An appeal is appropriate in most dismissal cases, but not always. For example, if dismissal is due to illegality, such as loss of the right to work, an appeal may not change the outcome.
In cases involving employees with less than two years’ service, you may decide not to offer an appeal depending on risk, but consistency is key.
Another question is whether you can dismiss an employee for personal reasons with less than two years’ service. The answer is yes under SOSR, but you should still follow a fair process.

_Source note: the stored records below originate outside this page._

(* Let $C \geq 1$ and $\mathbf{C}_{\mathrm{lip}} \geq 1$. There exist $\alpha_0 > 0$ and $c > 0$, depending only on $C$ and $\mathbf{C}_{\mathrm{lip}}$, such that the following holds for every $\alpha \in (0,\alpha_0)$. Let $\ell_k, \ell_l$ be affine lines, and set $T_k' = \ell_k(C\alpha)$, $T_k = \ell_k(\alpha^{1/2})$, $T_l' = \ell_l(C\alpha)$, $T_l = \ell_l(\alpha^{1/2})$. Let $\gamma_k,\gamma_l$ be $\mathbf{C}_{\mathrm{lip}}\alpha$-Lipschitz graphs over $\ell_k,\ell_l$ respectively with $\gamma_k \cap B(1) \subset T_k'$ and $\gamma_l \cap B(1) \subset T_l'$. Let $E \subset \mathbb{R}^2$ and let $G_k, G_l$ be compact sets with \[ G_k \subset (E \cap \gamma_k) \setminus T_l \subset B(1), \qquad G_l \subset (E \cap \gamma_l) \setminus T_k \subset B(1), \] and $\mathcal{H}^1(G_k) \geq \alpha^3/C$, $\mathcal{H}^1(G_l) \geq \alpha^3/C$. Then the set of lines $\mathcal{L}(G_k,G_l) = \{\ell : \ell \cap G_k \neq \emptyset \text{ and } \ell \cap G_l \neq \emptyset\}$ satisfies $\eta(\mathcal{L}(G_k,G_l)) \geq c\,\alpha^7$, and consequently \[ \int_{\mathcal{L}(E)} \big(\#(E \cap \ell) - 1\big)\, d\eta(\ell) \geq c\,\alpha^7. \]
   Context: For a line $\ell$ and $w>0$, $\ell(w)$ is the closed $w$-neighbourhood of $\ell$. $B(1)$ is the closed unit ball centred at the origin. A $\beta$-Lipschitz graph over a line $\ell$ with unit direction $u$ is a set $\{p + tu + f(t)u^\perp : t \in A\}$ with $p \in \ell$, $u^\perp \perp u$ unit, $A\subset\mathbb{R}$, $f$ $\beta$-Lipschitz. For $\theta\in[0,\pi)$, $\pi_\theta(x) = x\cdot(\cos\theta,\sin\theta)$; on the family $\mathcal{A}$ of affine lines, $\eta(\mathcal{L}) = \int_0^\pi \mathcal{H}^1(\{t : \pi_\theta^{-1}\{t\}\in\mathcal{L}\})\,d\theta$; $\mathcal{L}(E)$ is the set of lines meeting $E$; $\#$ is cardinality. *)

theory Defs
  imports "HOL-Analysis.Analysis"
begin
(* There is a Radon probability measure $\nu$ on $\beta\omega$ such that: (i) $\nu$ is of countable type, i.e. $L^1(\nu)$ is separable; (ii) $\nu(\beta\omega\setminus\omega)=1$; (iii) $\nu(F)=0$ for every closed separable set $F\subseteq\beta\omega\setminus\omega$.
   Context: $\omega=\{0,1,2,\dots\}$ with the discrete topology and $\beta\omega$ is its Čech–Stone compactification. *)

theory Defs
  imports "HOL-Analysis.Analysis" "HOL-Probability.Probability"
begin

definition ultrafilter_nat :: "nat set set \<Rightarrow> bool" where
  "ultrafilter_nat U \<longleftrightarrow>
     UNIV \<in> U \<and> {} \<notin> U \<and>
     (\<forall>A B. A \<in> U \<and> A \<subseteq> B \<longrightarrow> B \<in> U) \<and>
     (\<forall>A B. A \<in> U \<and> B \<in> U \<longrightarrow> A \<inter> B \<in> U) \<and>
     (\<forall>A. A \<in> U \<or> - A \<in> U)"

text \<open>The Cech-Stone compactification beta omega, realised as the Stone space
  of all ultrafilters on omega, with basic clopen sets {U. A in U}.\<close>
definition beta_omega :: "nat set set set" where
  "beta_omega = {U. ultrafilter_nat U}"

definition beta_omega_top :: "nat set set topology" where
  "beta_omega_top = topology_generated_by {{U \<in> beta_omega. A \<in> U} | A. True}"

definition principal_uf :: "nat \<Rightarrow> nat set set" where
  "principal_uf n = {A. n \<in> A}"

definition omega_in_beta :: "nat set set set" where
  "omega_in_beta = range principal_uf"

definition borel_sets_of :: "'a topology \<Rightarrow> 'a set set" where
  "borel_sets_of X = sigma_sets (topspace X) {U. openin X U}"

definition radon_probability :: "'a topology \<Rightarrow> 'a measure \<Rightarrow> bool" where
  "radon_probability X M \<longleftrightarrow>
     prob_space M \<and> space M = topspace X \<and> sets M = borel_sets_of X \<and>
     (\<forall>B \<in> sets M. measure M B = (SUP K \<in> {K. compactin X K \<and> K \<subseteq> B}. measure M K))"

definition countable_type :: "'a measure \<Rightarrow> bool" where
  "countable_type M \<longleftrightarrow>
     (\<exists>D :: ('a \<Rightarrow> real) set. countable D \<and> (\<forall>g \<in> D. integrable M g) \<and>
        (\<forall>f. integrable M f \<longrightarrow>
           (\<forall>e>0. \<exists>g \<in> D. (\<integral>x. \<bar>f x - g x\<bar> \<partial>M) < e)))"

end

theory Submission
  imports Defs
begin

text \<open>
  A finitely additive probability \<open>\<mu>\<close> on the subsets of omega induces a Radon probability \<open>\<nu>\<close> on
  beta omega with \<open>\<nu>(clopen_of A) = \<mu>(A)\<close>, by Caratheodory's construction from the outer measure
  generated by the clopen sets. We take \<open>\<mu>(A) = \<lambda>(h(A))\<close> for a Boolean homomorphism \<open>h\<close> from the
  subsets of omega into the measure algebra of Lebesgue measure \<open>\<lambda>\<close> on \<open>[0,1)\<close> such that \<open>h(A)\<close> is
  almost surely contained in the set of points covered by infinitely many of the dyadic intervals
  coded by elements of \<open>A\<close>; a Sikorski-type extension argument provides \<open>h\<close>. Then \<open>\<mu>\<close> vanishes on
  finite sets, so \<open>\<nu>\<close> is carried by the remainder; the measure algebra of \<open>[0,1)\<close> is separable, so
  countably many subsets of omega approximate all others and \<open>L\<^sup>1(\<nu>)\<close> is separable; and a
  nonprincipal ultrafilter contains sets whose intervals fit into sets of arbitrarily small
  measure, so countably many of them share a member of small \<open>\<mu>\<close>-measure, which makes every
  separable closed subset of the remainder \<open>\<nu>\<close>-null.
\<close>

section \<open>Ultrafilters on omega and the Stone space beta omega\<close>

lemma uf_UNIV: "ultrafilter_nat U \<Longrightarrow> UNIV \<in> U"
  by (simp add: ultrafilter_nat_def)

lemma uf_empty: "ultrafilter_nat U \<Longrightarrow> {} \<notin> U"
  by (simp add: ultrafilter_nat_def)

lemma uf_mono: "ultrafilter_nat U \<Longrightarrow> A \<in> U \<Longrightarrow> A \<subseteq> B \<Longrightarrow> B \<in> U"
  unfolding ultrafilter_nat_def by blast

lemma uf_Int_iff: "ultrafilter_nat U \<Longrightarrow> A \<inter> B \<in> U \<longleftrightarrow> A \<in> U \<and> B \<in> U"
  unfolding ultrafilter_nat_def by (meson Int_lower1 Int_lower2)

lemma uf_Compl_iff: "ultrafilter_nat U \<Longrightarrow> - A \<in> U \<longleftrightarrow> A \<notin> U"
  using uf_Int_iff[of U A "- A"] uf_empty[of U] unfolding ultrafilter_nat_def by auto

lemma uf_Un_iff: "ultrafilter_nat U \<Longrightarrow> A \<union> B \<in> U \<longleftrightarrow> A \<in> U \<or> B \<in> U"
  using uf_Int_iff[of U "- A" "- B"] uf_Compl_iff[of U "A \<union> B"] uf_Compl_iff[of U A]
    uf_Compl_iff[of U B] by auto

lemma uf_Union_finite:
  assumes "ultrafilter_nat U" "finite F" "\<Union>F \<in> U"
  shows "\<exists>A\<in>F. A \<in> U"
  using assms(2,3) by (induction F rule: finite_induct) (auto simp: uf_empty uf_Un_iff assms(1))

lemma uf_Inter_finite:
  assumes "ultrafilter_nat U" "finite F" "F \<subseteq> U"
  shows "\<Inter>F \<in> U"
  using assms(2,3) by (induction F rule: finite_induct) (auto simp: uf_UNIV uf_Int_iff assms(1))

lemma ultrafilter_principal_uf: "ultrafilter_nat (principal_uf n)"
  unfolding ultrafilter_nat_def principal_uf_def by auto

lemma principal_uf_in_beta_omega: "principal_uf n \<in> beta_omega"
  by (simp add: beta_omega_def ultrafilter_principal_uf)

lemma uf_eq_principal_uf:
  assumes U: "ultrafilter_nat U" and n: "{n} \<in> U"
  shows "U = principal_uf n"
proof (intro set_eqI iffI)
  fix A assume "A \<in> U"
  then have "A \<inter> {n} \<noteq> {}" using uf_Int_iff[OF U] n uf_empty[OF U] by metis
  then show "A \<in> principal_uf n" by (simp add: principal_uf_def)
next
  fix A assume "A \<in> principal_uf n"
  then show "A \<in> U" using uf_mono[OF U n] by (simp add: principal_uf_def)
qed

lemma uf_finite_imp_principal:
  assumes U: "ultrafilter_nat U" and "finite F" "F \<in> U"
  shows "U \<in> omega_in_beta"
proof -
  have "\<Union>((\<lambda>n. {n}) ` F) \<in> U" using assms(3) by simp
  then obtain n where "{n} \<in> U" using uf_Union_finite[OF U] assms(2) by blast
  then have "U = principal_uf n" by (rule uf_eq_principal_uf[OF U])
  then show ?thesis by (simp add: omega_in_beta_def)
qed

lemma nonprincipal_uf_cofinite:
  assumes "ultrafilter_nat U" "U \<notin> omega_in_beta" "finite F"
  shows "- F \<in> U"
  using uf_finite_imp_principal[OF assms(1) assms(3)] assms(2) uf_Compl_iff[OF assms(1)] by blast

Employees can be accompanied at hearings by a colleague or trade union representative. If a representative is disruptive, you can adjourn and reconvene with a different representative.
On demotion, offering it as an alternative to dismissal does not automatically create liability. It can be a reasonable step where dismissal would otherwise occur.
On performance, it is possible to move from a formal warning to dismissal if the issue has a significant detrimental impact on the business.
That is all we have time for today. Thank you very much for joining us.